Instructions to follow ▸ If a line holds the word "ultimately", copy it from the entries.

Given data ▸
lemma resonance_square:
  assumes "Q1 = sym_diff P (hex_edges a)" "Q2 = sym_diff P (hex_edges b)"
    and "sym_diff Q1 R = hex_edges x" "sym_diff Q2 R = hex_edges y"
    and "R \<noteq> P" "a \<noteq> b"
  shows "R = sym_diff Q1 (hex_edges b)"
proof -
  have R1: "R = sym_diff P (sym_diff (hex_edges a) (hex_edges x))"
    and R2: "R = sym_diff P (sym_diff (hex_edges b) (hex_edges y))"
    using assms(1-4) by blast+
  then have "sym_diff (hex_edges a) (hex_edges x) = sym_diff (hex_edges b) (hex_edges y)" by blast
  moreover have "a \<noteq> x" using R1 \<open>R \<noteq> P\<close> by blast
  ultimately have "x = b" using hex_edges_sym_diff_eq_imp_swapped \<open>a \<noteq> b\<close> by blast
  then show ?thesis using assms(3) by blast
qed

lemma hs_edge_subset_hs_vertices: "e \<in> hs_edges S \<Longrightarrow> e \<subseteq> hs_vertices S"
  using hex_edge_subset_hex_vertices by (fastforce simp: hs_edges_def hs_vertices_def)

lemma perfect_matching_disjoint:
  assumes "perfect_matching S M" "e \<in> M" "e' \<in> M" "e \<noteq> e'"
  shows "e \<inter> e' = {}"
  using assms hs_edge_subset_hs_vertices by (fastforce simp: perfect_matching_def)

lemma alternating_if_sym_diff_eq_hex_edges:
  assumes "perfect_matching S M" "perfect_matching S M'" "sym_diff M M' = hex_edges h"
  shows "alternating M h"
  unfolding alternating_def
proof (intro ballI impI)
  fix e e' assume ee: "e \<in> hex_edges h" "e' \<in> hex_edges h" "e \<noteq> e' \<and> e \<inter> e' \<noteq> {}"
  have "\<not> (e \<in> M \<and> e' \<in> M)" "\<not> (e \<in> M' \<and> e' \<in> M')"
    using perfect_matching_disjoint[OF assms(1)] perfect_matching_disjoint[OF assms(2)] ee by blast+
  then show "e \<in> M \<longleftrightarrow> e' \<notin> M" using ee assms(3) by blast
qed

section \<open>The cube of a Clar cover\<close>

definition hexagon_edges :: "cell set \<Rightarrow> hedge set" where
  "hexagon_edges D = (\<Union>h\<in>D. hex_edges h)"

lemma hexagon_edges_eq_empty_iff [simp]: "hexagon_edges D = {} \<longleftrightarrow> D = {}"
proof -
  have "hex_edges h \<noteq> {}" for h using card_hex_edges[of h] by auto
  then show ?thesis by (auto simp: hexagon_edges_def)
qed

lemma hexagon_edges_insert_disjoint:
  "hex_edges h \<inter> hexagon_edges D = {} \<Longrightarrow>
    hexagon_edges (insert h D) = sym_diff (hexagon_edges D) (hex_edges h)"
  by (auto simp: hexagon_edges_def)

lemma hexagon_edges_eq_hex_edges_iff: "hexagon_edges D = hex_edges s \<longleftrightarrow> D = {s}"
proof
  assume D: "hexagon_edges D = hex_edges s"
  have "h = s" if "h \<in> D" for h
  proof (rule ccontr)
    assume "h \<noteq> s"
    have "hex_edges h \<inter> hex_edges s = hex_edges h" using that D unfolding hexagon_edges_def by blast
    then show False using card_common_hex_edges[OF \<open>h \<noteq> s\<close>] card_hex_edges[of h] by simp
  qed
  moreover have "D \<noteq> {}" using D card_hex_edges[of s] by (auto simp: hexagon_edges_def)
  ultimately show "D = {s}" by blast
qed (simp add: hexagon_edges_def)

lemma disjoint_hex_edges_if_disjoint_hex_vertices:
  "hex_vertices a \<inter> hex_vertices b = {} \<Longrightarrow> hex_edges a \<inter> hex_edges b = {}"
  using hex_edge_subset_hex_vertices hex_edge_nonempty by blast

lemma hex_edges_subset_hs_edges: "h \<in> S \<Longrightarrow> hex_edges h \<subseteq> hs_edges S"
  by (auto simp: hs_edges_def)

lemma graph_iso_sym:
  assumes "graph_iso V1 adj1 V2 adj2"
  shows "graph_iso V2 adj2 V1 adj1"
proof -
  obtain \<phi> where \<phi>: "bij_betw \<phi> V1 V2" and adj: "\<forall>x\<in>V1. \<forall>y\<in>V1. adj1 x y \<longleftrightarrow> adj2 (\<phi> x) (\<phi> y)"
    using assms by (auto simp: graph_iso_def)
  have "adj2 x y \<longleftrightarrow> adj1 (inv_into V1 \<phi> x) (inv_into V1 \<phi> y)" if "x \<in> V2" "y \<in> V2" for x y
  proof -
    have "inv_into V1 \<phi> x \<in> V1" "inv_into V1 \<phi> y \<in> V1"
      using bij_betw_apply[OF bij_betw_inv_into[OF \<phi>]] that by blast+
    moreover have "\<phi> (inv_into V1 \<phi> x) = x" "\<phi> (inv_into V1 \<phi> y) = y"
      using bij_betw_inv_into_right[OF \<phi>] that by blast+
    ultimately show ?thesis using adj by metis
  qed
  then show ?thesis using bij_betw_inv_into[OF \<phi>] by (auto simp: graph_iso_def)
qed

locale clar =
  fixes S :: "cell set" and K :: "cell set" and F :: "hedge set"
  assumes clar_cover: "clar_cover S K F"
begin

lemma hexagons_subset: "K \<subseteq> S"
  and edges_subset: "F \<subseteq> hs_edges S"
  and hexagons_disjoint: "h \<in> K \<Longrightarrow> h' \<in> K \<Longrightarrow> h \<noteq> h' \<Longrightarrow> hex_vertices h \<inter> hex_vertices h' = {}"
  and edges_disjoint: "e \<in> F \<Longrightarrow> e' \<in> F \<Longrightarrow> e \<noteq> e' \<Longrightarrow> e \<inter> e' = {}"
  and edge_hexagon_disjoint: "e \<in> F \<Longrightarrow> h \<in> K \<Longrightarrow> e \<inter> hex_vertices h = {}"
  and covers: "(\<Union>h\<in>K. hex_vertices h) \<union> \<Union>F = hs_vertices S"
  using clar_cover by (simp_all add: clar_cover_def)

Final answer ▸
  ultimately have "x = b" using hex_edges_sym_diff_eq_imp_swapped \<open>a \<noteq> b\<close> by blast
  ultimately show "D = {s}" by blast
    ultimately show ?thesis using adj by metis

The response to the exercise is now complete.